On March 22, Heirs Holdings’ philanthropic arm, the Tony Elumelu Foundation (TEF) announced the 12th cohort of its flagship Entrepreneurship Programme.
From over 265,000 applications across all 54 African countries, 3,200 entrepreneurs were selected into the 2026 cohort to be funded with a total of $16 million. However, reducing the event to these numbers alone is enough to miss its significance as the continuation of a belief system that has, over the past decade, steadily reshaped access to opportunity across the continent—Africapitalism.
Somewhere in Africa, someone has an idea with the potential to change society. That idea, in its raw form, is fragile and without support, risks remaining just an idea. However, with the right ecosystem around it, it becomes a catalyst for change.
If one entrepreneur can build a business, that business creates jobs. Jobs create income. Income strengthens households, stronger households stabilise communities, and stable communities form the foundation of thriving economies. What begins as a $5,000 seed investment compounds with a multiplier effect into something far greater.
For Transformation to be meaningful, it must be both systemic and personal. It must exist in GDP figures and in household incomes. In national growth rates and in individual dignity. Entrepreneurship sits at the intersection of both.

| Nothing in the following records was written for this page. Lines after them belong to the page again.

lemma quasi_convex_subgroup_path_near_orbit:
  assumes qY: "quasi_convex_subgroup G \<phi> \<Gamma> \<eta> H Y" and u: "u \<in> carrier G"
    and \<alpha>: "(a, b, \<alpha>) \<in> \<Gamma>" "\<alpha> a \<in> \<phi> u ` Y" "\<alpha> b \<in> \<phi> u ` Y"
    and "y0 \<in> Y" and t: "t \<in> {a..b}"
  obtains h where "h \<in> H" "dist (\<alpha> t) (\<phi> u (\<phi> h y0)) < 2 * \<eta> + 1"
proof -
  let ?\<beta> = "\<phi> (inv u) \<circ> \<alpha>"
  have "(a, b, ?\<beta>) \<in> \<Gamma>" using act_path[OF inv_closed[OF u] \<alpha>(1)] .
  moreover have "?\<beta> a \<in> Y" "?\<beta> b \<in> Y" using \<alpha>(2,3) u by auto
  ultimately have "?\<beta> t \<in> nbhd Y \<eta>"
    using qY t unfolding quasi_convex_subgroup_def quasi_convex_set_def by fastforce
  then obtain h where "h \<in> H" "dist (?\<beta> t) (\<phi> h y0) < \<eta> + 1 + \<eta>"
    using qY \<open>y0 \<in> Y\<close> quasi_convex_subgroup_near_orbit by blast
  moreover have "dist (\<alpha> t) (\<phi> u (\<phi> h y0)) = dist (?\<beta> t) (\<phi> h y0)"
    using dist_act_inv[OF u, of "\<phi> h y0" "\<alpha> t"] by (simp add: dist_commute)
  ultimately show ?thesis using that by auto
qed

end

locale quasi_convex_element_orbit = path_system_group_setting +
  fixes \<eta> :: real and g and A and a0
  assumes eta_nonneg: "0 \<le> \<eta>" and qce: "quasi_convex_element G \<phi> \<Gamma> \<eta> g A" and a0: "a0 \<in> A"
begin

definition axis where
  "axis (k::int) = \<phi> (g [^] k) a0"

lemma g_carrier: "g \<in> carrier G"
  using qce by (simp add: quasi_convex_element_def)

lemma pow_carrier [simp]: "g [^] (k::int) \<in> carrier G"
  using g_carrier by simp

lemma A_quasi_convex: "quasi_convex_subgroup G \<phi> \<Gamma> \<eta> (range (\<lambda>k::int. g [^] k)) A"
proof -
  have "generate G {g} = range (\<lambda>k::int. g [^] k)" using generate_pow[OF g_carrier] by auto
  then show ?thesis using qce by (simp add: quasi_convex_element_def)
qed

lemma pow_inj: "inj (\<lambda>k::int. g [^] k)"
  using qce int_pow_eq[OF g_carrier] by (auto intro!: injI simp: quasi_convex_element_def)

This underscores why TEF walks alongside entrepreneurs, supporting them from ideation through to execution.
Prior to the TEF programme, only about 40% of its beneficiaries’ businesses were generating revenue. Today, over 80% survive their most vulnerable early stages and become revenue-generating enterprises.
Perhaps the most compelling insight from this year’s selection is not just scale, but composition. Fifty-one percent of the 2026 cohort are women. Seventy-five percent are between the ages of 18 and 35. Thirty percent come from rural communities. These are signals of a continent where participation is broadening, where opportunity is decentralising, and where the future is increasingly being shaped by those who have historically been excluded from it.

For Africa and its private sector, Africapitalism replaces charity with investment and aid with agency, a practice that has been visibly expressed in the work of the Tony Elumelu Foundation. From an initial $100 million commitment to empower 10,000 entrepreneurs, TEF has today trained and funded over 27,000 Africans, catalysing $4.2 billion in revenue, creating 1.5 million jobs, and lifting over 2.1 million people out of poverty. These figures are measurable outcomes of a simple but powerful idea that when you empower individuals, you transform systems.
For this reason, Heirs Holdings’ portfolio companies; Heirs Energies, Transcorp Hotels, Transcorp Power, and United Capital, continue to play an active role in supporting the TEF Entrepreneurship Programme, contributing to the empowerment of 1,751 entrepreneurs in this year’s cohort alone.
Increasingly, global partners, from multilateral institutions to development agencies, are also aligning with TEF’s model because it is demonstrably effective. But, even with this progress, the demand remains staggering. Hundreds of thousands applied but only a fraction could be selected. This gap is evidence of its necessity and that scaling opportunity remains one of the continent’s most urgent imperatives.

The potential in Africa’s story has reached a point of activation. At Heirs Holdings, we see beyond the moment. We see a movement that is steadily redefining what is possible on the continent. One entrepreneur, one business, one community at a time.
When opportunity is democratised, prosperity changes from being a privilege into being a shared outcome. In that shared outcome lies the true meaning of Africapitalism, and the promise of a transformed Africa.